Quaternion-, and up to, sedenion-valued neural networks: Parallelizing Hamilton product on GPUs/CUDA

Add info here on Sedenion networks from August 2020 paper. First what I wrote before seeing that:

have a look at octernions. It seems like they could outperform quaternions by a tiny bit.

Octonion networks are probably worth a better look. From that paper, fig. 5, yes, accuracy curve is best, while only a little better than quaterions, but both much better than for real, and complex comes close at epoch 20.

However, number of parameters is 481,150 half of quaterions, and real-valued has 7.5x as many. It seems to roughly half for each step from real->complex->quaternions->octanions.

So I thought, since there are even higher-order complex number, lets look up sedenions.

There are also other ways to squeeze networks, where the original is e.g. 50x larger, while unclear why you shouldn’t be able to get 50*7.5=375 factor from such methods plus above, and maybe an additional 2x factor with below:

https://www.researchgate.net/publication/343255151_Metacognitive_Sedenion-Valued_Neural_Network_and_Its_Learning_Algorithm

In this paper, a metacognitive sedenion-valued neural network (Mc-SVNN) and its learning algorithm are proposed. Its application to diverse time-series prediction problems is presented. The Mc-SVNN contains two components: a sedenion-valued neural network that represents the cognitive component, and a metacognitive component, which serves to self-regulate the learning algorithm. At each epoch, the metacognitive component decides what, how, and when learning occurs. The algorithm deletes unnecessary samples and stores only those that are used. This decision is determined by the sedenion magnitude and the 15 sedenion phases. The Mc-SVNN is applied to four real-world forecasting problems: USD-to-euro currency exchange rate forecasting, the sunspot number time series, power demand forecasting, and daily temperature prediction in Abu Dhabi. Compared to existing methods, the Mc-SVNN demonstrates superior performance in time-series forecasting while using a smaller number of parameters.
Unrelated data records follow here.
(* Let $\alpha,\gamma,\mu,\delta,\rho>0$ and consider, for a parameter $b>0$, the system \[ \dot P=P\big[(b-\mu)-2bP+(\delta-b)A\big],\qquad \dot A=-(2\delta P+\rho)A \] on $\mathcal F=\{(P,A): P\ge0,\ A\ge0,\ 2P+A\le1\}$, with centrist share $C=1-2P-A$. Suppose that before time $t_0$ the parameter is $b=\beta_0$ with $\beta_0<\mu$, and let $(P(t_0^-),A(t_0^-))\in\mathcal F$ be the state at $t_0$. A structural shock $(\Delta,\Delta\beta)$ with $\Delta\in[0,1]$ at $t_0$ sets $P(t_0^+)=P(t_0^-)$, $C(t_0^+)=(1-\Delta)C(t_0^-)$, $A(t_0^+)=A(t_0^-)+\Delta C(t_0^-)$, and for $t>t_0$ the system evolves with parameter $b=\beta':=\beta_0+\Delta\beta>0$. If $P(t_0^-)>0$, then $\lim_{t\to\infty}C(t)<1$ (a permanent shift of the long-run equilibrium) if and only if $\beta_0+\Delta\beta>\mu$; in that case \[ \lim_{t\to\infty}C(t)=C^\infty=\frac{\mu}{\beta_0+\Delta\beta}<1, \] which does not depend on $\Delta$ (and if $\beta_0+\Delta\beta\le\mu$ then $C(t)\to1$). If $P(t_0^-)=0$, then $P(t)\equiv0$ for all $t>t_0$ regardless of $\Delta\beta$, and $(P(t),A(t))\to(0,0)$.
   Context: This is the symmetric reduction ($L=R=P$) of a four-group voter model (left-radical, right-radical, centrist, disengaged) with $b=\alpha+\gamma$ the combined recruitment/reactive-polarisation rate, $\mu$ deradicalisation rate, $\delta$ mobilisation rate of disengaged voters, $\rho$ re-engagement rate. *)

theory Defs
  imports Complex_Main
begin

definition feasible :: "real \<Rightarrow> real \<Rightarrow> bool" where
  "feasible p a \<longleftrightarrow> 0 \<le> p \<and> 0 \<le> a \<and> 2 * p + a \<le> 1"

definition centrist :: "real \<Rightarrow> real \<Rightarrow> real" where
  "centrist p a = 1 - 2 * p - a"

end

theory Submission
  imports Defs "HOL-Analysis.Analysis" "HOL-Real_Asymp.Real_Asymp"
begin
lemma win_mass_le_visit:
  assumes "valid_proto P" and "length u \<le> depth P"
  shows "win_mass P u \<le> visit P u"
proof -
  have "win_mass P u \<le> (\<Sum>l\<in>leaves_under P u. visit P l)"
    unfolding win_mass_def using assms
    by (intro sum_mono) (auto simp: leaves_under_def intro: visit_nonneg)
  also have "\<dots> = visit P u" unfolding visit_def using assms(2) by (rule sum_visit_q_leaves_under)
  finally show ?thesis .
qed

lemma win_mass_eq_visit_mult_val: "win_mass P u = visit P u * val P u"
proof (cases "visit P u = 0")
  case True
  have "win_mass P u = 0" unfolding win_mass_def
    by (rule sum.neutral) (auto simp: leaves_under_def visit_def visit_q_prefix True[unfolded visit_def])
  then show ?thesis using True by simp
next
  case False
  have "win_mass P u = (\<Sum>l\<in>leaves_under P u. visit P u *
      ((\<Prod>i\<in>{length u..<depth P}. edge (eprob P) (take i l) (l ! i)) * (if out P l then 1 else 0)))"
    unfolding win_mass_def by (rule sum.cong) (auto simp: leaves_under_def visit_def visit_q_prefix)
  then show ?thesis using False unfolding val_def by (simp add: sum_distrib_left)
qed

lemma val_bounds:
  assumes "valid_proto P" and "length u \<le> depth P"
  shows "0 \<le> val P u" and "val P u \<le> 1"
proof -
  have "0 \<le> val P u \<and> val P u \<le> 1"
  proof (cases "visit P u = 0")
    case True
    then show ?thesis by (simp add: val_def)
  next
    case False
    then have "0 < visit P u" using visit_nonneg[OF assms] by simp
    moreover have "val P u = win_mass P u / visit P u"
      using False by (simp add: win_mass_eq_visit_mult_val)
    ultimately show ?thesis using win_mass_nonneg[OF assms(1)] win_mass_le_visit[OF assms]
      by (simp add: divide_le_eq_1)
  qed
  then show "0 \<le> val P u" "val P u \<le> 1" by auto
qed

lemma val_eq_average_snoc:
  assumes "length u < depth P" and "visit P u \<noteq> 0"
  shows "val P u = edge (eprob P) u False * val P (u @ [False]) + edge (eprob P) u True * val P (u @ [True])"
proof -
  have "visit P u * val P u = visit P u * (edge (eprob P) u False * val P (u @ [False])
      + edge (eprob P) u True * val P (u @ [True]))"
    using win_mass_split[OF assms(1)]
    by (simp add: win_mass_eq_visit_mult_val visit_snoc algebra_simps)
  then show ?thesis using assms(2) by simp
qed

lemma att_eprob_bounds:
  assumes "valid_proto P" and "\<forall>u. length u < depth P \<longrightarrow> 0 \<le> fb u \<and> fb u \<le> 1"
    and "length u < depth P"
  shows "0 \<le> att_eprob P fb u \<and> att_eprob P fb u \<le> 1"
  using assms win_mass_split[OF assms(3)]
    win_mass_nonneg[OF assms(1), of "u @ [False]"] win_mass_nonneg[OF assms(1), of "u @ [True]"]
  unfolding att_eprob_def valid_proto_def by (auto simp: divide_le_eq_1)

lemma visit_att_nonneg:
  assumes "valid_proto P" and "\<forall>u. length u < depth P \<longrightarrow> 0 \<le> fb u \<and> fb u \<le> 1"
    and "length u \<le> depth P"
  shows "0 \<le> visit_att P fb u"
  unfolding visit_att_def using att_eprob_bounds[OF assms(1,2)] assms(3)
  by (intro visit_q_nonneg) auto

lemma edge_att_eprob_ctrlA:
  assumes "ctrlA P u" and "win_mass P u \<noteq> 0" and "length u < depth P"
  shows "edge (att_eprob P fb) u b = win_mass P (u @ [b]) / win_mass P u"
  using assms win_mass_split[OF assms(3)]
  by (cases b) (auto simp: att_eprob_def edge_def field_simps)

lemma edge_att_eprob_ctrlB: "\<not> ctrlA P u \<Longrightarrow> edge (att_eprob P fb) u b = edge (eprob P) u b"
  unfolding att_eprob_def edge_def by auto

lemma Bernoulli_powr_le:
  fixes t c :: real
  assumes "0 \<le> t" and "0 \<le> c" and "c \<le> 1"
  shows "t powr c \<le> 1 + c * (t - 1)"
proof (cases "t = 0")
  case True
  then show ?thesis using assms by simp
next
  case False
  have "t powr c * 1 powr (1 - c) \<le> c * t + (1 - c) * 1"
    using assms False by (intro Youngs_inequality_0) auto
  then show ?thesis by (simp add: algebra_simps)
qed

lemma ratio_potential_le_tangent:
  fixes c x y :: real
  assumes "0 \<le> y" "y \<le> 1" "0 < c" "c \<le> 1" "2 * c \<le> x" "x \<le> 1"
  shows "(y / x) * (y / x) powr c * (2 - y) \<le> (x\<^sup>2 * (2 - x) + ((1 + c) * x * (2 - x) - x\<^sup>2) * (y - x)) / x\<^sup>2"
proof -
  have x: "0 < x" using assms by simp
  have "(y / x) * (y / x) powr c * (2 - y) \<le> (y / x) * (1 + c * (y / x - 1)) * (2 - y)"
    using assms x by (intro mult_right_mono mult_left_mono Bernoulli_powr_le) auto
  also have "\<dots> = y * (x + c * (y - x)) * (2 - y) / x\<^sup>2"
    using x by (simp add: field_simps power2_eq_square)
  also have "\<dots> \<le> (x\<^sup>2 * (2 - x) + ((1 + c) * x * (2 - x) - x\<^sup>2) * (y - x)) / x\<^sup>2"
  proof (rule divide_right_mono)
    have "y * (x + c * (y - x)) * (2 - y) - x\<^sup>2 * (2 - x) - ((1 + c) * x * (2 - x) - x\<^sup>2) * (y - x)
        = (y - x)\<^sup>2 * (2 * c - (1 + c) * x - c * y)"
      by (simp add: power2_eq_square algebra_simps)
    moreover have "(y - x)\<^sup>2 * (2 * c - (1 + c) * x - c * y) \<le> 0"
      using assms x by (intro mult_nonneg_nonpos) (auto intro: add_increasing2 simp: algebra_simps)
    ultimately show "y * (x + c * (y - x)) * (2 - y) \<le> x\<^sup>2 * (2 - x) + ((1 + c) * x * (2 - x) - x\<^sup>2) * (y - x)"
      by linarith
  qed simp
  finally show ?thesis .
qed

lemma ratio_potential_average_le:
  fixes c x e0 e1 y0 y1 :: real
  assumes "0 < c" "c \<le> 1" "2 * c \<le> x" "x \<le> 1" "0 \<le> e0" "0 \<le> e1" "e0 + e1 = 1"
    "0 \<le> y0" "y0 \<le> 1" "0 \<le> y1" "y1 \<le> 1" "e0 * y0 + e1 * y1 = x"
  shows "e0 * ((y0 / x) * (y0 / x) powr c * (2 - y0)) + e1 * ((y1 / x) * (y1 / x) powr c * (2 - y1)) \<le> 2 - x"
proof -
  define D where "D = (1 + c) * x * (2 - x) - x\<^sup>2"
  have "e0 * ((y0 / x) * (y0 / x) powr c * (2 - y0)) + e1 * ((y1 / x) * (y1 / x) powr c * (2 - y1))
      \<le> e0 * ((x\<^sup>2 * (2 - x) + D * (y0 - x)) / x\<^sup>2) + e1 * ((x\<^sup>2 * (2 - x) + D * (y1 - x)) / x\<^sup>2)"
    unfolding D_def using assms by (intro add_mono mult_left_mono ratio_potential_le_tangent) auto
  also have "\<dots> = ((e0 + e1) * (x\<^sup>2 * (2 - x)) + D * ((e0 * y0 + e1 * y1) - (e0 + e1) * x)) / x\<^sup>2"
    by (simp add: add_divide_distrib[symmetric] algebra_simps)
  also have "\<dots> = 2 - x" using assms by simp
  finally show ?thesis .
qed

text \<open>Where visit P u = 0 the potential vanishes, because x / 0 = 0 and 0 powr c = 0.\<close>

definition potential :: "proto \<Rightarrow> (bool list \<Rightarrow> real) \<Rightarrow> real \<Rightarrow> bool list \<Rightarrow> real" where
  "potential P fb c u = visit_att P fb u * (visit_att P fb u / visit P u) powr c * (2 - val P u)"

lemma potential_nonneg:
  assumes "valid_proto P" and "\<forall>u. length u < depth P \<longrightarrow> 0 \<le> fb u \<and> fb u \<le> 1"
    and "length u \<le> depth P"
  shows "0 \<le> potential P fb c u"
  using visit_att_nonneg[OF assms] val_bounds[OF assms(1,3)] unfolding potential_def by auto

lemma potential_snoc_ctrlB:
  assumes "\<not> ctrlA P u" and "visit P u \<noteq> 0"
  shows "potential P fb c (u @ [b]) = visit_att P fb u * (visit_att P fb u / visit P u) powr c
    * (edge (eprob P) u b * (2 - val P (u @ [b])))"
proof (cases "edge (eprob P) u b = 0")
  case True
  then show ?thesis by (simp add: potential_def visit_snoc)
next
  case False
  then have "visit_att P fb (u @ [b]) / visit P (u @ [b]) = visit_att P fb u / visit P u"
    using assms by (simp add: visit_snoc visit_att_snoc edge_att_eprob_ctrlB)
  then show ?thesis
    using assms by (simp add: potential_def visit_att_snoc edge_att_eprob_ctrlB)
qed

lemma potential_snoc_ctrlA:
  assumes "length u < depth P" and "ctrlA P u" and "visit P u \<noteq> 0" and "val P u \<noteq> 0"
  shows "potential P fb c (u @ [b]) = visit_att P fb u * (visit_att P fb u / visit P u) powr c
    * (edge (eprob P) u b * ((val P (u @ [b]) / val P u) * (val P (u @ [b]) / val P u) powr c
        * (2 - val P (u @ [b]))))"
proof (cases "edge (eprob P) u b = 0")
  case True
  then show ?thesis by (simp add: potential_def visit_snoc)
next
  case False
  define y where "y = val P (u @ [b]) / val P u"
  have "edge (att_eprob P fb) u b = edge (eprob P) u b * y"
    using edge_att_eprob_ctrlA[OF assms(2) _ assms(1)] assms(3,4) unfolding y_def
    by (simp add: win_mass_eq_visit_mult_val visit_snoc)
  then have "potential P fb c (u @ [b]) = visit_att P fb u * (edge (eprob P) u b * y)
      * ((visit_att P fb u / visit P u) powr c * y powr c) * (2 - val P (u @ [b]))"
    using False by (simp add: potential_def visit_snoc visit_att_snoc powr_mult[symmetric])
  then show ?thesis unfolding y_def[symmetric] by (simp add: ac_simps)
qed

definition no_Low_ancestor :: "proto \<Rightarrow> real \<Rightarrow> bool list \<Rightarrow> bool" where
  "no_Low_ancestor P \<delta> u \<longleftrightarrow> (\<forall>a. strict_prefix a u \<longrightarrow> a \<notin> Low P \<delta>)"

lemma no_Low_ancestor_snoc:
  "no_Low_ancestor P \<delta> (u @ [b]) \<longleftrightarrow> no_Low_ancestor P \<delta> u \<and> u \<notin> Low P \<delta>"
proof -
  have "strict_prefix a (u @ [b]) \<longleftrightarrow> prefix a u" for a
    by (auto simp: strict_prefix_def)
  then show ?thesis
    unfolding no_Low_ancestor_def by (metis prefix_order.le_less)
qed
This is the first time I’ve heard of a real application of (let alone higher order, that I only first now hear about):

Applying the Cayley–Dickson construction to the sedenions yields a 32-dimensional algebra, sometimes called the 32-ions or trigintaduonions.[1] It is possible to apply the Cayley–Dickson construction to the sedenions arbitrarily many times.

So I had to look up trigintaduonions, which do not have their own Wikipedia page and I couldn’t find anything relating them to neural networks, there’s however:

2014 paper:
https://www.researchgate.net/publication/267097033_An_algorithm_for_multiplication_of_trigintaduonions

In this paper we introduce efficient algorithm for the multiplication of trigintaduonions. The direct multiplication of two trigintaduonions requires 1024 real multiplications and 992 real additions. We show how to compute a trigintaduonion product with 498 real multiplications and 943 real additions. During synthesis of the discussed algorithm we use a fact that trigintaduonion multipli-cation may be represented by a vector-matrix product. Such representation provides a possibility to discover repeating elements in the matrix structure and to use specific properties of their mutual placement to decrease the number of real multiplications needed to compute the product of two trigintaduonions.

2013 paper:
https://www.researchgate.net/publication/256720850_An_algorithm_for_fast_multiplication_of_sedenions

In this work a rationalized algorithm for calculating the product of sedenions is presented which reduces the number of underlying multiplications. Therefore, reducing the number of multiplications in VLSI processor design is usually a desirable task. The computation of a sedenion product using the naive method takes 256 multiplications and 240 additions, while the proposed algorithm can compute the same result in only 122 multiplications (or multipliers – in hardware implementation case) and 298 additions.

@chakravala, I thought you might know anything about this stuff, or at least be interested, and @Elrod, an idea if we can make these calculations fast in Julia (faster then competing neural network libraries can, I doubt any of them even have this implemented yet, except for naively).

A sedenion is a 16-dimensional hypercomplex
number that is obtained by applying the Cayley–Dickson
construction to octonion complex numbers. Its algebra is
non-commutative, non-associative, and non-alternative, but
power-associative

This is from memory what I remembered, you loose one more each time, here no longer alternative (I’m familiar with preceding), I guess with trigintaduonions you next lose power-associative, but I’m curious what happens for the next higher, 64-ions, that do not even have a name. What propertiy more is there to lose?

Even if these higher-order are slower, they might be worthwhile, as you pay the training cost once. And accuracy is very important. I’m not sure how this affects inference, same order of slowdown for calculations, but since your network is smaller, you may be limited by memory bandwidth thee too anyway (but less so).